Prediction of MF based on unique and progressive MPN platelet transcriptome (A and B) Top few genes (out of 3000+) demonstrating monotonic progressive gene expression (log 2 fold change in expression y axis, FDR < 0.01, Mann-Kendall test with Bonferroni correction) across x-axes (A), CTRL-to-ET-to-MF and (B, CTRL-to-PV-to-MF. (C) Lasso-penalized multinomial logistic regression model under temporal validation i.e., trained on Stanford cohort 1 (n = 71, 2016–2017, Figure 1A) and validated on Stanford cohort 2 (n = 49, 2019, Figure 1A) as test set. (D) Lasso-penalized multinomial logistic regression model under geographical validation using two independently published datasets for training (cohort 3, n = 31 healthy controls in addition to Stanford cohorts 1 and 2) and validation (cohort 4, n = 25 MF and n = 15 healthy controls). (E) Receiver operating curves (ROC) toward MF prediction under conditions of temporal (C) and geographical (D) validation. Temporal validation uses three models: (i) baseline, with no gene expression data but patient age, gender, and mutation status alone; (ii) entire MPN platelet transcriptome; and (iii) MPN progressive genes alone.

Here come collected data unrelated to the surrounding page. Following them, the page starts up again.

lemma sum_lam_d_le_power:
  fixes \<mu> :: "nat \<Rightarrow> real" and G :: "(nat \<Rightarrow> nat) set"
  assumes G: "finite G"
    and pos: "\<And>k l. k \<in> G \<Longrightarrow> l \<in> {1..d} \<Longrightarrow> 1 \<le> k l"
    and supp: "\<And>k l. k \<in> G \<Longrightarrow> l \<notin> {1..d} \<Longrightarrow> k l = 0"
    and nn: "\<And>m. 0 \<le> \<mu> m" and sm: "summable (\<lambda>m. \<mu> (Suc m))"
  shows "(\<Sum>k\<in>G. lam_d \<mu> d k) \<le> (\<Sum>m. \<mu> (Suc m)) ^ d"
proof -
  have "finite ((\<lambda>(k, l). k l) ` (G \<times> {1..d}))" using G by simp
  then obtain N where "\<forall>n\<in>(\<lambda>(k, l). k l) ` (G \<times> {1..d}). n \<le> N"
    unfolding finite_nat_set_iff_bounded_le by blast
  hence N: "\<And>k l. k \<in> G \<Longrightarrow> l \<in> {1..d} \<Longrightarrow> k l \<le> N" by force
  define R where "R k = restrict k {1..d}" for k :: "nat \<Rightarrow> nat"
  define Box where "Box = PiE {1..d} (\<lambda>_. {1..N})"
  have inj: "inj_on R G"
  proof (rule inj_onI)
    fix k k' assume "k \<in> G" "k' \<in> G" "R k = R k'"
    thus "k = k'" using supp unfolding R_def by (metis ext restrict_apply')
  qed
  have image_in_box: "R ` G \<subseteq> Box" using pos N unfolding R_def Box_def by auto
  have lam_d_nn: "0 \<le> lam_d \<mu> d f" for f unfolding lam_d_def by (simp add: nn prod_nonneg)
  have partial_sum: "(\<Sum>m\<in>{1..N}. \<mu> m) \<le> (\<Sum>m. \<mu> (Suc m))"
  proof -
    have "(\<Sum>m\<in>{1..N}. \<mu> m) = (\<Sum>m<N. \<mu> (Suc m))"
      using sum.atLeast1_atMost_eq[of \<mu> N] by simp
    also have "\<dots> \<le> (\<Sum>m. \<mu> (Suc m))" by (rule sum_le_suminf[OF sm]) (auto simp: nn)
    finally show ?thesis .
  qed
  have "(\<Sum>k\<in>G. lam_d \<mu> d k) = (\<Sum>k\<in>G. lam_d \<mu> d (R k))"
    unfolding R_def lam_d_def by (intro sum.cong prod.cong) auto
  also have "\<dots> = (\<Sum>f\<in>R ` G. lam_d \<mu> d f)"
    using sum.reindex[OF inj, of "lam_d \<mu> d"] by (simp add: o_def)
  also have "\<dots> \<le> (\<Sum>f\<in>Box. lam_d \<mu> d f)"
    by (rule sum_mono2[OF _ image_in_box]) (auto simp: Box_def finite_PiE lam_d_nn)
  also have "\<dots> = (\<Prod>l\<in>{1..d}. \<Sum>m\<in>{1..N}. \<mu> m)"
    unfolding Box_def lam_d_def by (rule prod_sum_PiE[symmetric]) auto
  also have "\<dots> \<le> (\<Sum>m. \<mu> (Suc m)) ^ d"
    using partial_sum by (simp add: power_mono sum_nonneg nn)
  finally show ?thesis .
qed

(* The key counting estimate: each multi-index of nabla_d stands for a! distinct multi-indices
   with the same eigenvalue, so a! times the sum over nabla_d is bounded by the full series. *)
lemma fact_times_sum_nabla_le_power:
  fixes \<mu> :: "nat \<Rightarrow> real"
  assumes Isub: "I d \<subseteq> {1..d}" and F: "finite F" "F \<subseteq> nabla_anti I d"
    and nn: "\<And>m. 0 \<le> \<mu> m" and sm: "summable (\<lambda>m. \<mu> (Suc m))"
  shows "fact (card (I d)) * (\<Sum>k\<in>F. lam_d \<mu> d k) \<le> (\<Sum>m. \<mu> (Suc m)) ^ d"
proof -
  define P where "P = {\<pi>. \<pi> permutes I d}"
  define \<Phi> :: "(nat \<Rightarrow> nat) \<times> (nat \<Rightarrow> nat) \<Rightarrow> nat \<Rightarrow> nat" where "\<Phi> = (\<lambda>(\<pi>, k). k \<circ> \<pi>)"
  have finI: "finite (I d)" using Isub finite_subset by blast
  have P: "finite P" "card P = fact (card (I d))"
    using finite_permutations[OF finI] card_permutations[OF refl finI] by (simp_all add: P_def)
  have "strict_mono_on (I d) k" if "k \<in> F" for k :: "nat \<Rightarrow> nat"
    using that F(2) unfolding nabla_anti_def strict_mono_on_def by blast
  hence inj: "inj_on \<Phi> (P \<times> F)"
    unfolding \<Phi>_def P_def by (rule inj_on_compose_permutations)
  note permuted = permuted_multi_index[OF Isub subsetD[OF F(2)]]
  have "fact (card (I d)) * (\<Sum>k\<in>F. lam_d \<mu> d k) = (\<Sum>\<pi>\<in>P. \<Sum>k\<in>F. lam_d \<mu> d k)"
    using P(2) by simp
  also have "\<dots> = (\<Sum>\<pi>\<in>P. \<Sum>k\<in>F. lam_d \<mu> d (k \<circ> \<pi>))"
    using permuted(3) unfolding P_def by (intro sum.cong refl) auto
  also have "\<dots> = (\<Sum>x\<in>P \<times> F. lam_d \<mu> d (\<Phi> x))"
    unfolding \<Phi>_def sum.cartesian_product by (simp add: case_prod_unfold)
  also have "\<dots> = (\<Sum>f\<in>\<Phi> ` (P \<times> F). lam_d \<mu> d f)"
    using sum.reindex[OF inj, of "lam_d \<mu> d"] by (simp add: o_def)
  also have "\<dots> \<le> (\<Sum>m. \<mu> (Suc m)) ^ d"
  proof (rule sum_lam_d_le_power[OF _ _ _ nn sm])
    show "finite (\<Phi> ` (P \<times> F))" using P(1) F(1) by simp
  qed (use permuted(1,2) in \<open>auto simp: \<Phi>_def P_def\<close>)
  finally show ?thesis .
qed

(* Markov's inequality for the information complexity: every counted multi-index has
   lam_d > eps^2, i.e. lam_d powr tau > eps^(2 tau). *)
lemma card_info_subset_bound:
  assumes Isub: "I d \<subseteq> {1..d}" and tau: "\<tau> > 0" and eps: "\<epsilon> > 0"
    and sm: "summable (\<lambda>m. lam (Suc m) powr \<tau>)"
    and F: "finite F" "F \<subseteq> info_set_anti lam I \<epsilon> d"
  shows "fact (card (I d)) * (real (card F) * \<epsilon> powr (2 * \<tau>)) \<le> ell_norm_pow \<tau> lam ^ d"
proof -
  define \<mu> where "\<mu> m = lam m powr \<tau>" for m
  have large: "\<epsilon> powr (2 * \<tau>) \<le> lam_d \<mu> d k" if "k \<in> F" for k
  proof -
    have "\<epsilon>\<^sup>2 < lam_d lam d k" using that F(2) unfolding info_set_anti_def by auto
    hence "(\<epsilon>\<^sup>2) powr \<tau> \<le> lam_d lam d k powr \<tau>" using tau by (intro powr_mono2) auto
    moreover have "(\<epsilon>\<^sup>2) powr \<tau> = \<epsilon> powr (2 * \<tau>)"
      using eps by (simp add: powr_powr[symmetric])
    ultimately show ?thesis unfolding lam_d_def \<mu>_def by (simp add: prod_powr_distrib)
  qed
  have "real (card F) * \<epsilon> powr (2 * \<tau>) \<le> (\<Sum>k\<in>F. lam_d \<mu> d k)"
    using sum_mono[of F "\<lambda>_. \<epsilon> powr (2 * \<tau>)", OF large] by simp
  hence "fact (card (I d)) * (real (card F) * \<epsilon> powr (2 * \<tau>))
         \<le> fact (card (I d)) * (\<Sum>k\<in>F. lam_d \<mu> d k)" by simp
  also have "\<dots> \<le> (\<Sum>m. \<mu> (Suc m)) ^ d"
    using F sm Isub unfolding info_set_anti_def \<mu>_def
    by (intro fact_times_sum_nabla_le_power) auto
  finally show ?thesis unfolding \<mu>_def ell_norm_pow_def .
qed
lemma minor_permute:
  assumes p: "p permutes {0..<m}"
  shows "minor m (\<lambda>k. u (p k)) r = signof p * minor m u r"
proof -
  have "mat\<^sub>r m m (\<lambda>k. vec m (\<lambda>i. u (p k) (r i)))
      = mat m m (\<lambda>(i, j). (mat\<^sub>r m m (\<lambda>k. vec m (\<lambda>i. u k (r i)))) $$ (p i, j))"
    using permutes_in_image[OF p] by (intro eq_matI) (auto simp: mat_of_rows_def)
  moreover have "det \<dots> = signof p * det (mat\<^sub>r m m (\<lambda>k. vec m (\<lambda>i. u k (r i))))"
    by (rule det_permute_rows[OF _ p]) auto
  ultimately show ?thesis
    by (simp add: minor_as_rows)
qed

lemma minor_transform:
  "minor m (\<lambda>k x. \<Sum>j<m. Z j k * u j x) r = minor m u r * det (mat m m (\<lambda>(j, k). Z j k))"
proof -
  have "mat m m (\<lambda>(i, k). \<Sum>j<m. Z j k * u j (r i))
      = mat m m (\<lambda>(i, k). u k (r i)) * mat m m (\<lambda>(j, k). Z j k)"
    by (rule eq_matI)
       (auto simp: scalar_prod_def lessThan_atLeast0 mult.commute intro!: sum.cong)
  then show ?thesis
    unfolding minor_def by (simp add: det_mult[of _ m])
qed

lemma minor_dependent:
  assumes c: "\<And>i. i < m \<Longrightarrow> (\<Sum>k<m. c k * u k (r i)) = 0" and k0: "k0 < m" "c k0 \<noteq> 0"
  shows "minor m u r = 0"
proof -
  let ?A = "mat m m (\<lambda>(i, k). u k (r i))"
  have "?A *\<^sub>v vec m c = 0\<^sub>v m"
    by (rule eq_vecI)
       (auto simp: scalar_prod_def lessThan_atLeast0 mult.commute c[unfolded lessThan_atLeast0])
  moreover have "vec m c \<noteq> 0\<^sub>v m"
    using k0 by (metis index_vec index_zero_vec(1))
  ultimately have "det ?A = 0"
    by (subst det_0_iff_vec_prod_zero[of _ m]) (auto intro!: exI[of _ "vec m c"])
  then show ?thesis
    unfolding minor_def .
qed

lemma minor_zero_vector:
  assumes "k0 < m" "u k0 = (\<lambda>x. 0)"
  shows "minor m u r = 0"
proof (rule minor_dependent[of m "\<lambda>k. if k = k0 then 1 else 0" u r k0])
  show "(\<Sum>k<m. (if k = k0 then 1 else 0) * u k (r i)) = 0" for i
    using assms by (simp add: if_distrib[of "\<lambda>c. c * _"] cong: if_cong)
qed (use assms in auto)

lemma minor_noninj:
  assumes "\<not> inj_on f {0..<m}"
  shows "minor m (\<lambda>k. b (f k)) r = 0"
proof -
  obtain k1 k2 where k: "k1 < m" "k2 < m" "k1 \<noteq> k2" "f k1 = f k2"
    using assms unfolding inj_on_def by auto
  let ?c = "\<lambda>k. if k = k1 then 1 else if k = k2 then - 1 else 0 :: complex"
  show ?thesis
  proof (rule minor_dependent[of m ?c _ r k1])
    fix i
    have "(\<Sum>k<m. ?c k * b (f k) (r i)) = (\<Sum>k\<in>{k1, k2}. ?c k * b (f k) (r i))"
      by (rule sum.mono_neutral_right) (use k in auto)
    then show "(\<Sum>k<m. ?c k * b (f k) (r i)) = 0"
      using k by simp
  qed (use k in auto)
qed

lemma minor_reindex_sorted:
  assumes inj: "inj_on f {0..<m}"
  obtains s where "\<And>b r. minor m (\<lambda>k. b (f k)) r = s * minor m (\<lambda>k. b (sl (f ` {0..<m}) ! k)) r"
proof -
  let ?I = "f ` {0..<m}"
  have cI: "card ?I = m"
    using card_image[OF inj] by simp
  have bh: "bij_betw ((!) (sl ?I)) {0..<m} ?I"
    by (rule bij_betw_nth) (auto simp: cI lessThan_atLeast0)
  define \<tau> where "\<tau> k = (if k < m then inv_into {0..<m} ((!) (sl ?I)) (f k) else k)" for k
  have "bij_betw (inv_into {0..<m} ((!) (sl ?I)) \<circ> f) {0..<m} {0..<m}"
    using inj bij_betw_inv_into[OF bh] by (intro bij_betw_trans) (auto simp: bij_betw_def)
  then have "bij_betw \<tau> {0..<m} {0..<m}"
    by (rule bij_betw_cong[THEN iffD1, rotated]) (auto simp: \<tau>_def)
  then have p: "\<tau> permutes {0..<m}"
    by (rule bij_imp_permutes) (auto simp: \<tau>_def)
  have f\<tau>: "sl ?I ! \<tau> k = f k" if "k < m" for k
    using that unfolding \<tau>_def
    by (auto intro!: f_inv_into_f[where f = "(!) (sl ?I)"] simp: bij_betw_imp_surj_on[OF bh])
  have "minor m (\<lambda>k. b (f k)) r = signof \<tau> * minor m (\<lambda>k. b (sl ?I ! k)) r" for b r
  proof -
    have "minor m (\<lambda>k. b (f k)) r = minor m (\<lambda>k. (\<lambda>j. b (sl ?I ! j)) (\<tau> k)) r"
      using f\<tau> by (intro minor_cong) auto
    also have "\<dots> = signof \<tau> * minor m (\<lambda>j. b (sl ?I ! j)) r"
      by (rule minor_permute[OF p])
    finally show ?thesis .
  qed
  then show ?thesis
    using that by blast
qed

lemma finite_ksub: "finite (ksub n m)"
  unfolding ksub_def by (rule finite_subset[of _ "Pow {..<n}"]) auto

lemma finite_ksub_member: "S \<in> ksub n m \<Longrightarrow> finite S"
  unfolding ksub_def by (auto intro: finite_subset)

lemma sorted_ksub_nth_less:
  assumes S: "S \<in> ksub n m" and i: "i < m"
  shows "sl S ! i < n"
proof -
  have "sl S ! i \<in> set (sl S)"
    using S i finite_ksub_member[OF S] by (intro nth_mem) (simp add: ksub_def)
  then show ?thesis
    using S finite_ksub_member[OF S] unfolding ksub_def by auto
qed

lemma image_maps_into_ksub:
  assumes "f \<in> maps_into m N" "inj_on f {0..<m}"
  shows "f ` {0..<m} \<in> ksub N m"
  using assms card_image[OF assms(2)] unfolding maps_into_def ksub_def by auto

lemma wedge_subl_minor:
  "finite I \<Longrightarrow> wedge (subl vs I) S = minor (card I) (\<lambda>k. vs ! (sl I ! k)) ((!) (sl S))"
  unfolding wedge_def minor_def subl_def by (intro arg_cong[where f = det] eq_matI) auto

lemma lam_cha_minor: "lam_cha g m T {..<m} = minor m (\<lambda>k x. g x k) ((!) (sl T))"
  unfolding lam_cha_def minor_def
  by (intro arg_cong[where f = det] eq_matI) (auto simp: lessThan_atLeast0)

section \<open>Finite families of vectors\<close>

definition comb :: "nat \<Rightarrow> (nat \<Rightarrow> complex) \<Rightarrow> (nat \<Rightarrow> cvec) \<Rightarrow> cvec" where
  "comb N c v = (\<lambda>x. \<Sum>l<N. c l * v l x)"

definition fspan :: "nat \<Rightarrow> (nat \<Rightarrow> cvec) \<Rightarrow> cvec set" where
  "fspan m u = range (\<lambda>c. comb m c u)"

definition findep :: "nat \<Rightarrow> (nat \<Rightarrow> cvec) \<Rightarrow> bool" where
  "findep m v \<longleftrightarrow> (\<forall>c. comb m c v = (\<lambda>x. 0) \<longrightarrow> (\<forall>k<m. c k = 0))"

lemma comb_comb: "comb M c (\<lambda>k. comb N (d k) v) = comb N (\<lambda>l. \<Sum>k<M. c k * d k l) v"
  unfolding comb_def
  by (rule ext, simp add: sum_distrib_left sum_distrib_right mult.assoc, rule sum.swap)

lemma comb_cong:
  "(\<And>l. l < N \<Longrightarrow> c l = d l) \<Longrightarrow> (\<And>l. l < N \<Longrightarrow> v l = w l) \<Longrightarrow> comb N c v = comb N d w"
  unfolding comb_def by (intro ext sum.cong) auto

lemma comb_zero_coeffs: "comb N (\<lambda>l. 0) v = (\<lambda>x. 0)"
  unfolding comb_def by simp

lemma comb_delta: "k < m \<Longrightarrow> comb m (\<lambda>j. if j = k then 1 else 0) u = u k"
  unfolding comb_def by (simp add: if_distrib[of "\<lambda>c. c * _"] cong: if_cong)

lemma lcomb_eq_comb: "lcomb vs c = comb (length vs) c ((!) vs)"
  unfolding lcomb_def comb_def by simp

lemma inV_comb: "(\<And>l. l < N \<Longrightarrow> inV n (v l)) \<Longrightarrow> inV n (comb N c v)"
  unfolding inV_def comb_def by simp

lemma minor_comb:
  "minor m (\<lambda>k. comb N (\<lambda>l. \<alpha> l k) b) r
     = (\<Sum>f\<in>maps_into m N. (\<Prod>k<m. \<alpha> (f k) k) * minor m (\<lambda>k. b (f k)) r)"
  unfolding comb_def by (rule minor_multilinear)

lemma minor_comb_family:
  "minor m (\<lambda>k. comb m (Z k) w) r = minor m w r * det (mat m m (\<lambda>(j, k). Z k j))"
  unfolding comb_def by (rule minor_transform[of m "\<lambda>j k. Z k j", simplified])

lemma comb_coeffs_unique:
  assumes "lindep_free bs" "length bs = n" "comb n c ((!) bs) = comb n d ((!) bs)" "l < n"
  shows "c l = d l"
proof -
  have "lcomb bs (\<lambda>l. c l - d l) = zv"
    using assms(2,3) unfolding lcomb_eq_comb zv_def comb_def
    by (simp add: fun_eq_iff sum_subtractf left_diff_distrib)
  then show ?thesis
    using assms(1,2,4) unfolding lindep_free_def by force
qed

lemma basis_coords:
  assumes "is_basis n bs" "\<And>k. k < m \<Longrightarrow> inV n (u k)"
  obtains \<alpha> where "\<And>k. k < m \<Longrightarrow> u k = comb n (\<lambda>l. \<alpha> l k) ((!) bs)"
proof -
  have "\<exists>c. u k = comb n c ((!) bs)" if "k < m" for k
  proof -
    have "u k \<in> lspan bs"
      using assms that unfolding is_basis_def Vsp_def by auto
    then show ?thesis
      using assms(1) unfolding lspan_def is_basis_def lcomb_eq_comb by auto
  qed
  then obtain C where "\<And>k. k < m \<Longrightarrow> u k = comb n (C k) ((!) bs)"
    by metis
  then show ?thesis
    using that[of "\<lambda>l k. C k l"] by blast
qed

lemma zero_in_fspan: "(\<lambda>x. 0) \<in> fspan m u"
  unfolding fspan_def using comb_zero_coeffs by (metis rangeI)

lemma zv_in_fspan: "zv \<in> fspan m u"
  using zero_in_fspan unfolding zv_def .

lemma fspan_member: "k < m \<Longrightarrow> u k \<in> fspan m u"
  unfolding fspan_def using comb_delta by (metis rangeI)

Outperformance of the progressive transcriptome model (red curve, AUROC = 0.96) vis-a-vis the entire transcriptome dataset (blue curve, AUROC = 0.95) and lastly, the baseline model without gene expression (black curve, AUROC = 0.68). Geographical validation using the progressive transcriptome model also demonstrates independent, high MF predictive accuracy (green curve, AUROC = 0.97). (F) Heatmap of top recurring Lasso-selected progressive genes for each of controls (left column, CTRL, yellow bar), ET (light green), PV (dark green), and MF (dark blue). Rows indicate gradation in gene expression on a blue (low) to red (high) scale. Columns indicate sample type (CTRL, ET, PV, and MF).